Vegas relies on one population center with effectively one industry—tourism—leading the way. Las Vegans will point to the successful effort by Bill Foley and the Maloof Brothers (formerly of the Sacramento Kings) to sell more than 10,000 season ticket deposits for a team that does not yet exist as evidence that it’s an economically-viable option.

The real feat would have been canvassing for those perspective ticket-holders seven years ago in the thick of the Great Recession, when American en masse decided they’d rather watch Bill Engvall at their local tribal casino than Frank Caliendo at the Mirage and unemployment closed in on 20 percent in Sin City.

As far as the other aspect—growing a hockey culture—we can only wait and see.
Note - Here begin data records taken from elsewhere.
section \<open>Labels\<close>

lemma nodes_simps [simp]:
  "nodes (LAssign a x e) = {a}"
  "nodes (LAssignAny a x) = {a}"
  "nodes (LAssignDemon a x) = {a}"
  "nodes (LTest a Q) = {a}"
  "nodes (LDTest a Q) = {a}"
  "nodes (LODE a xs Q) = {a}"
  "nodes (LDODE a xs Q) = {a}"
  "nodes (LSeq a g d) = insert a (nodes g \<union> nodes d)"
  "nodes (LChoice a g d) = insert a (nodes g \<union> nodes d)"
  "nodes (LDChoice a g d) = insert a (nodes g \<union> nodes d)"
  "nodes (LStar a g) = insert a (nodes g)"
  "nodes (LCross a g) = insert a (nodes g)"
  by (auto simp: nodes_def)

lemma label_in_nodes: "label \<alpha> \<in> nodes \<alpha>"
  by (cases \<alpha>) auto

lemma suffix_label [simp]: "suffix (label \<alpha>) \<alpha> = erase \<alpha>"
  by (cases \<alpha>) auto

lemma well_labeled_simps [simp]:
  "well_labeled (LSeq a g d) \<longleftrightarrow>
     well_labeled g \<and> well_labeled d \<and> a \<notin> nodes g \<and> a \<notin> nodes d \<and> nodes g \<inter> nodes d = {}"
  "well_labeled (LChoice a g d) \<longleftrightarrow>
     well_labeled g \<and> well_labeled d \<and> a \<notin> nodes g \<and> a \<notin> nodes d \<and> nodes g \<inter> nodes d = {}"
  "well_labeled (LDChoice a g d) \<longleftrightarrow>
     well_labeled g \<and> well_labeled d \<and> a \<notin> nodes g \<and> a \<notin> nodes d \<and> nodes g \<inter> nodes d = {}"
  "well_labeled (LStar a g) \<longleftrightarrow> well_labeled g \<and> a \<notin> nodes g"
  "well_labeled (LCross a g) \<longleftrightarrow> well_labeled g \<and> a \<notin> nodes g"
  by (auto simp: well_labeled_def nodes_def)

lemma Orig_in_nodes_uproj [simp]: "Orig b \<in> nodes (uproj \<alpha> S) \<longleftrightarrow> b \<in> nodes \<alpha>"
  by (induction \<alpha> arbitrary: S) auto

section \<open>Semantic subvalue maps\<close>

definition semantic_subvalue_map :: "'l lgame \<Rightarrow> ('l key \<Rightarrow> fml) \<Rightarrow> state set \<Rightarrow> bool" where
  "semantic_subvalue_map \<alpha> S K \<longleftrightarrow>
     fsem (S End) \<subseteq> K \<and> (\<forall>b\<in>nodes \<alpha>. fsem (S (L b)) \<subseteq> win (suffix b \<alpha>) K)"

lemma semantic_subvalue_map_if_compatible:
  assumes "angelic_subvalue_map \<alpha> S" and "compatible S \<phi>"
  shows "semantic_subvalue_map \<alpha> S (fsem \<phi>)"
proof -
  have end_sub: "fsem (S End) \<subseteq> fsem \<phi>"
    using assms(2) by (auto simp: compatible_def valid_def)
  have "fsem (S (L b)) \<subseteq> win (suffix b \<alpha>) (fsem \<phi>)" if "b \<in> nodes \<alpha>" for b
  proof -
    have "fsem (S (L b)) \<subseteq> win (suffix b \<alpha>) (fsem (S End))"
      using assms(1) that by (auto simp: angelic_subvalue_map_def valid_def)
    also have "\<dots> \<subseteq> win (suffix b \<alpha>) (fsem \<phi>)"
      by (rule win_mono[OF end_sub])
    finally show ?thesis .
  qed
  with end_sub show ?thesis
    by (simp add: semantic_subvalue_map_def)
qed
The city sports a few youth leagues, a small minor league team, a club program at UNLV and a smattering of high school-aged clubs. In that respect it may be no different than San Jose or Nashville were before they landed teams.

But growing a base of local, knowledgeable hockey fans will take patience—never a virtue associated with Vegas.

Given the evidence, I’d put Vegas at slightly worse than even money to support an NHL club if they land one. Only two Sun Belt cities—Atlanta and Oakland—have failed (so far) in their quest to retain hockey after landing it. It can work, but it’s going to take someone with a big ass pile of chips and the ability to let it bleed for a long time, if necessary.

Is the NHL that someone, with a trio of warm-weather franchises already withering on the vine?